[Data excerpts]
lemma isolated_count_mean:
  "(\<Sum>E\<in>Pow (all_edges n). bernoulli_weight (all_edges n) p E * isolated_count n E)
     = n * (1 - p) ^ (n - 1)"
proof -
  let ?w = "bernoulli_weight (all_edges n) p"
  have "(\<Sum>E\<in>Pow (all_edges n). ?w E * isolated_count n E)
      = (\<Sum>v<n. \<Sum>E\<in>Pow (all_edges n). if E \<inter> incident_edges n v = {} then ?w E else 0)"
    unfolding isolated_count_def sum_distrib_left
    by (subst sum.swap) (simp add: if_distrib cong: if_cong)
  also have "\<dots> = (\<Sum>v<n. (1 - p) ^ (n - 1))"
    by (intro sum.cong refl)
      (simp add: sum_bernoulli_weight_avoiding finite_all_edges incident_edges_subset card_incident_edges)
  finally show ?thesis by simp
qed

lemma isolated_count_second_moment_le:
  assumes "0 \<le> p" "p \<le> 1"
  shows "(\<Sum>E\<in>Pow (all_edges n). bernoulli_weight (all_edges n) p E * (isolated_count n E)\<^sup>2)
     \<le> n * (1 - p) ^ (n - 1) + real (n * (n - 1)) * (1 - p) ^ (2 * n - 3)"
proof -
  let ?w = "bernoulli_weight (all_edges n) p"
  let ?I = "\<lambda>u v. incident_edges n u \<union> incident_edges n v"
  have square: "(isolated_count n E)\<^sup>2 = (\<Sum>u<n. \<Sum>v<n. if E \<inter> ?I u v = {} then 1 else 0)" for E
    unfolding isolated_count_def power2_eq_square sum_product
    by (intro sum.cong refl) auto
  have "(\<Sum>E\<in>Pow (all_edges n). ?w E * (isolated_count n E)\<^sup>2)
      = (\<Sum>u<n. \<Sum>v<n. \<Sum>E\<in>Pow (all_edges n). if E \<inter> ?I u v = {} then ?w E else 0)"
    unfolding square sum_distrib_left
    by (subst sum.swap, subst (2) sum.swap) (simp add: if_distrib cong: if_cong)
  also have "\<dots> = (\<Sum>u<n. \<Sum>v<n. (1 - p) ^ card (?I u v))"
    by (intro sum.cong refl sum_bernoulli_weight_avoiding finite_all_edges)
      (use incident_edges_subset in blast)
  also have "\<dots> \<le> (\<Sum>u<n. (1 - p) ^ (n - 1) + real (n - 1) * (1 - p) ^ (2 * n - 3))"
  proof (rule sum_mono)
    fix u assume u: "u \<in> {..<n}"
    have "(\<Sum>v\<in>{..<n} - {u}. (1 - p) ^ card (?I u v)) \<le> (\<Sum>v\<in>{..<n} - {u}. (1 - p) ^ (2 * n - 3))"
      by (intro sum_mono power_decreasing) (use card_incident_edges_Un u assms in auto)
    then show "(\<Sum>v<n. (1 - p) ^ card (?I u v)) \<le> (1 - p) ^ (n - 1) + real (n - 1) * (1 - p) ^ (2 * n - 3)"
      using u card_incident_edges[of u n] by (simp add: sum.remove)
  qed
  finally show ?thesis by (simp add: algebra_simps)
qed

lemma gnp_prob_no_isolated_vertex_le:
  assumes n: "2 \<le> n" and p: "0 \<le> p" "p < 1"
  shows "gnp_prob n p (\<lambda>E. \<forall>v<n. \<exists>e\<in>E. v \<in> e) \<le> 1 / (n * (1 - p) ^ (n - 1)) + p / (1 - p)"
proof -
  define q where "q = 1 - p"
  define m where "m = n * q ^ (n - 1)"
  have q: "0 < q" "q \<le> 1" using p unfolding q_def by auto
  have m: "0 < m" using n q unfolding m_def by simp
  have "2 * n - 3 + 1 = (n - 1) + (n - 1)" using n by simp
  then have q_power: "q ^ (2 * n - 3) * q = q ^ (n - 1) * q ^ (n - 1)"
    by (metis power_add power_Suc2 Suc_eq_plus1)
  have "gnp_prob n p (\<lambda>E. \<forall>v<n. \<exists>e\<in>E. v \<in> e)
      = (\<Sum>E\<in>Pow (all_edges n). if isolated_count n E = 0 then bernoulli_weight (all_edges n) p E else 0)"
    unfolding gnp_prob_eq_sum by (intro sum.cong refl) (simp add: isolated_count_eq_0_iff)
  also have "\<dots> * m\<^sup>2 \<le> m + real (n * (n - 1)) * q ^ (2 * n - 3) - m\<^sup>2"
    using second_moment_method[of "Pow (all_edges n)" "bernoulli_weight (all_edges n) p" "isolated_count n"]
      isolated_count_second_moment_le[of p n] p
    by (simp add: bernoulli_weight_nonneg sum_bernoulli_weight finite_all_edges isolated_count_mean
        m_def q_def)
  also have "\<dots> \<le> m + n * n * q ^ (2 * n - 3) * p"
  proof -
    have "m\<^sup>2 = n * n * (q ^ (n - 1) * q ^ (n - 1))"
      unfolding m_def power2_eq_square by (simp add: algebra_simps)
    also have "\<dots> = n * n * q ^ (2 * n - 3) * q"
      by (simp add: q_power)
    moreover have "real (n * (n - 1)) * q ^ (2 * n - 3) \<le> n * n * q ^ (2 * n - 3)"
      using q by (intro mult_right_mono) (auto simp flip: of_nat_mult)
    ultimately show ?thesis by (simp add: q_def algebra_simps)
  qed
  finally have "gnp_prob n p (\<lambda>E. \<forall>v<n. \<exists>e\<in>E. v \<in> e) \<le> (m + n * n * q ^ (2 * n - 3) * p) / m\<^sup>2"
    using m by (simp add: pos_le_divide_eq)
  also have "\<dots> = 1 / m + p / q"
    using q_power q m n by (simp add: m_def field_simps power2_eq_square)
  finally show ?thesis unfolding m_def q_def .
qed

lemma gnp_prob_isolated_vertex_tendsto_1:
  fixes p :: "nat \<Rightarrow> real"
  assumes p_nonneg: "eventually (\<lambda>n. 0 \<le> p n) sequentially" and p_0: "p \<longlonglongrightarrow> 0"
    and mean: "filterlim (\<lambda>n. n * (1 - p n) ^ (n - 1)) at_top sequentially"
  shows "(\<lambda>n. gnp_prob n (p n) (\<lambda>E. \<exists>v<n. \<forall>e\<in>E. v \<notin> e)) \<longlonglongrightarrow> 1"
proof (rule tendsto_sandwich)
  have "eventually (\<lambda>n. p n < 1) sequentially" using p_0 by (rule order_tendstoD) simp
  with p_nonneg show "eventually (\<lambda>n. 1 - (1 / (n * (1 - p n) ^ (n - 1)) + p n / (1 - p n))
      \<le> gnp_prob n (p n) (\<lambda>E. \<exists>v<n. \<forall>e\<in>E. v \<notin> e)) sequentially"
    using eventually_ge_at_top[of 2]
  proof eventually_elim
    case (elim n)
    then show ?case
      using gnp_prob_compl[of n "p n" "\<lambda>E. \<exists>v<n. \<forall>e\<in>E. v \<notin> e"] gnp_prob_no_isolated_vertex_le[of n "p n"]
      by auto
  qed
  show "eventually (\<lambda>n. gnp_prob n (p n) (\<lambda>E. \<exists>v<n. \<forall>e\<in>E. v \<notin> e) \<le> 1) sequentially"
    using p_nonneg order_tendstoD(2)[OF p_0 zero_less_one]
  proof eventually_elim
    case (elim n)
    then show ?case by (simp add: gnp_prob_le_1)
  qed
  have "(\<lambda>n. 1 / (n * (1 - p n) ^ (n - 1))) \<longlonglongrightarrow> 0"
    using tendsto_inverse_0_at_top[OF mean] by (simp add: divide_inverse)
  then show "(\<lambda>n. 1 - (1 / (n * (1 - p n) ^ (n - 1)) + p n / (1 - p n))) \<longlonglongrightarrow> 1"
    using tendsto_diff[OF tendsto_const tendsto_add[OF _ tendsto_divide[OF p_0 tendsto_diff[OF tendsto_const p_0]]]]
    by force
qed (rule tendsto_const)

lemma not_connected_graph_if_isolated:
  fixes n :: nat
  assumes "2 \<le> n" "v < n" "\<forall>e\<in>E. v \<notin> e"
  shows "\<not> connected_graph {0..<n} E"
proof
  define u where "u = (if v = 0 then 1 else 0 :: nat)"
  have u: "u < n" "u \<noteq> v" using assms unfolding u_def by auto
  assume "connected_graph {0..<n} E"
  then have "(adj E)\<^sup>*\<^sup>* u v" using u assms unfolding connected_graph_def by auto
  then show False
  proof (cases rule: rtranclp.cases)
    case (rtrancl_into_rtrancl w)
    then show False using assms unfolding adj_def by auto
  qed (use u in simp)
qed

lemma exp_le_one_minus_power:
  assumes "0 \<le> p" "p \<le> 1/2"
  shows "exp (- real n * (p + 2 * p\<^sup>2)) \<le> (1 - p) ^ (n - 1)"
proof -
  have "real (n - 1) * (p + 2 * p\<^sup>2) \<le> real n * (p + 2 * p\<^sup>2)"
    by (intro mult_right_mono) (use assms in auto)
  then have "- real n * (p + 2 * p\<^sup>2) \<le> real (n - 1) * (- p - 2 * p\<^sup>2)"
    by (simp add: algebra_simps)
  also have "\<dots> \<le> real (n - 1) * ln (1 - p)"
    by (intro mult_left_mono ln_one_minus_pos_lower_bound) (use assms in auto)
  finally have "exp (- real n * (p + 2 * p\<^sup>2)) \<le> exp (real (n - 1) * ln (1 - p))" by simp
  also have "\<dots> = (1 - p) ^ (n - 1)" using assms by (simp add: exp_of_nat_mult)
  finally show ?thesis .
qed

§ Task: Copy range, inclusive: the line holding "fix u assume" to the line holding "define m where". Reproduce exactly those lines of the records above and no others.

§ Written reply:
    fix u assume u: "u \<in> {..<n}"
    have "(\<Sum>v\<in>{..<n} - {u}. (1 - p) ^ card (?I u v)) \<le> (\<Sum>v\<in>{..<n} - {u}. (1 - p) ^ (2 * n - 3))"
      by (intro sum_mono power_decreasing) (use card_incident_edges_Un u assms in auto)
    then show "(\<Sum>v<n. (1 - p) ^ card (?I u v)) \<le> (1 - p) ^ (n - 1) + real (n - 1) * (1 - p) ^ (2 * n - 3)"
      using u card_incident_edges[of u n] by (simp add: sum.remove)
  qed
  finally show ?thesis by (simp add: algebra_simps)
qed

lemma gnp_prob_no_isolated_vertex_le:
  assumes n: "2 \<le> n" and p: "0 \<le> p" "p < 1"
  shows "gnp_prob n p (\<lambda>E. \<forall>v<n. \<exists>e\<in>E. v \<in> e) \<le> 1 / (n * (1 - p) ^ (n - 1)) + p / (1 - p)"
proof -
  define q where "q = 1 - p"
  define m where "m = n * q ^ (n - 1)"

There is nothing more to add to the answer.